Search the material below for the string "definition" and copy each line where it appears.
*** Available records Section Begins ***
(* Let $G$ be a graph, $P$ a non-trivial prime graph in a split decomposition of $G$, $k$ a positive integer, and $(T,\delta)$ a branch decomposition of $G$ of sm-width less than $k$. Let $a\in V(P)$ and let $(X,Y)$ be a cut of $G$ induced by an edge of $T$. If $|X\cap\operatorname{act}(a:P)|\ge k$ and $|Y\cap \operatorname{act}(N_P(a):P)|\ge k$, then $(X,Y)$ is a split of $G$.
   Context: Graphs are finite, simple, undirected; $\overline{A}=V(G)\setminus A$; $N(S)=N_G(S)=(\bigcup_{v\in S}N(v))\setminus S$; $G[A,B]$ is the bipartite graph on $A\cup B$ with the edges of $G$ between $A$ and $B$. A split of a connected graph $G$ is a partition $(V_1,V_2)$ of $V(G)$ with $|V_1|,|V_2|\ge2$ such that every vertex of $V_1$ with a neighbour in $V_2$ has the same neighbourhood in $V_2$. $\operatorname{mm}(A)$ is the maximum size of a matching in $G[A,\overline A]$, and $\operatorname{sm}(A)=1$ if $(A,\overline A)$ is a split of $G$, otherwise $\operatorname{sm}(A)=\operatorname{mm}(A)$. A branch decomposition $(T,\delta)$ of $G$ is a tree $T$ of maximum degree $3$ with a bijection $\delta$ from the leaves of $T$ to $V(G)$; each edge $e$ of $T$ induces the cut $(A,\overline A)$ where $A$ is the set of $\delta$-images of the leaves in one component of $T-e$. The sm-width of $(T,\delta)$ is the maximum of $\operatorname{sm}(A)$ over cuts induced by edges of $T$; the sm-width $\operatorname{smw}(G)$ of $G$ is the minimum over all branch decompositions. Split decomposition: decomposing along a split $(V_1,V_2)$ gives $G_1=G[V_1]$ plus a new marker $v$ adjacent to $N_G(V_2)$ and $G_2=G[V_2]$ plus the same marker adjacent to $N_G(V_1)$; a graph with no split is prime, non-trivial if it has more than 3 vertices; a split decomposition recursively decomposes until all parts are prime, with the split decomposition tree having prime graphs as nodes adjacent iff they share a marker. For $v\in V(G_i)$ ($G_i$ a prime graph of the decomposition), $\operatorname{tot}(v:G_i)=\{v\}$ if $v\in V(G)$, and otherwise (marker shared with $G_j$) the set of vertices of $V(G)$ in the prime graphs of the component of the tree minus $G_i$ containing $G_j$. $\operatorname{act}(v:G_i)=N_G(V(G)\setminus \operatorname{tot}(v:G_i))$, and for $V'\subseteq V(G_i)$, $\operatorname{act}(V':G_i)=\bigcup_{v\in V'}\operatorname{act}(v:G_i)$. *)

theory Defs
  imports Main
begin

text \<open>A graph is a pair (vertex set, edge relation); edges are stored as
  ordered pairs in both directions (symmetric, irreflexive, within V).\<close>
type_synonym 'v graph = "'v set \<times> ('v \<times> 'v) set"

definition graph :: "'v graph \<Rightarrow> bool" where
  "graph G \<longleftrightarrow> finite (fst G) \<and> snd G \<subseteq> fst G \<times> fst G \<and> sym (snd G)
     \<and> (\<forall>x. (x, x) \<notin> snd G)"

definition nbr :: "'v graph \<Rightarrow> 'v \<Rightarrow> 'v set" where
  "nbr G v = {u. (v, u) \<in> snd G}"

definition nbrs :: "'v graph \<Rightarrow> 'v set \<Rightarrow> 'v set" where
  "nbrs G S = (\<Union>v\<in>S. nbr G v) - S"

definition connected :: "'v graph \<Rightarrow> bool" where
  "connected G \<longleftrightarrow> (\<forall>x\<in>fst G. \<forall>y\<in>fst G. (x, y) \<in> (snd G)\<^sup>*)"

definition is_split :: "'v graph \<Rightarrow> 'v set \<Rightarrow> 'v set \<Rightarrow> bool" where
  "is_split G V1 V2 \<longleftrightarrow> connected G \<and> V1 \<union> V2 = fst G \<and> V1 \<inter> V2 = {}
     \<and> card V1 \<ge> 2 \<and> card V2 \<ge> 2
     \<and> (\<forall>x\<in>V1. \<forall>y\<in>V1. nbr G x \<inter> V2 \<noteq> {} \<and> nbr G y \<inter> V2 \<noteq> {}
            \<longrightarrow> nbr G x \<inter> V2 = nbr G y \<inter> V2)"

definition prime_graph :: "'v graph \<Rightarrow> bool" where
  "prime_graph H \<longleftrightarrow> \<not> (\<exists>V1 V2. is_split H V1 V2)"

definition cross_matching :: "'v graph \<Rightarrow> 'v set \<Rightarrow> ('v \<times> 'v) set \<Rightarrow> bool" where
  "cross_matching G A M \<longleftrightarrow>
     (\<forall>(x, y)\<in>M. (x, y) \<in> snd G \<and> x \<in> A \<and> y \<in> fst G - A)
     \<and> (\<forall>(x, y)\<in>M. \<forall>(x', y')\<in>M. x = x' \<longleftrightarrow> y = y')"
*** Available records Section Ends ***
**Output below**
definition graph :: "'v graph \<Rightarrow> bool" where
definition nbr :: "'v graph \<Rightarrow> 'v \<Rightarrow> 'v set" where
definition nbrs :: "'v graph \<Rightarrow> 'v set \<Rightarrow> 'v set" where
definition connected :: "'v graph \<Rightarrow> bool" where
definition is_split :: "'v graph \<Rightarrow> 'v set \<Rightarrow> 'v set \<Rightarrow> bool" where
definition prime_graph :: "'v graph \<Rightarrow> bool" where
definition cross_matching :: "'v graph \<Rightarrow> 'v set \<Rightarrow> ('v \<times> 'v) set \<Rightarrow> bool" where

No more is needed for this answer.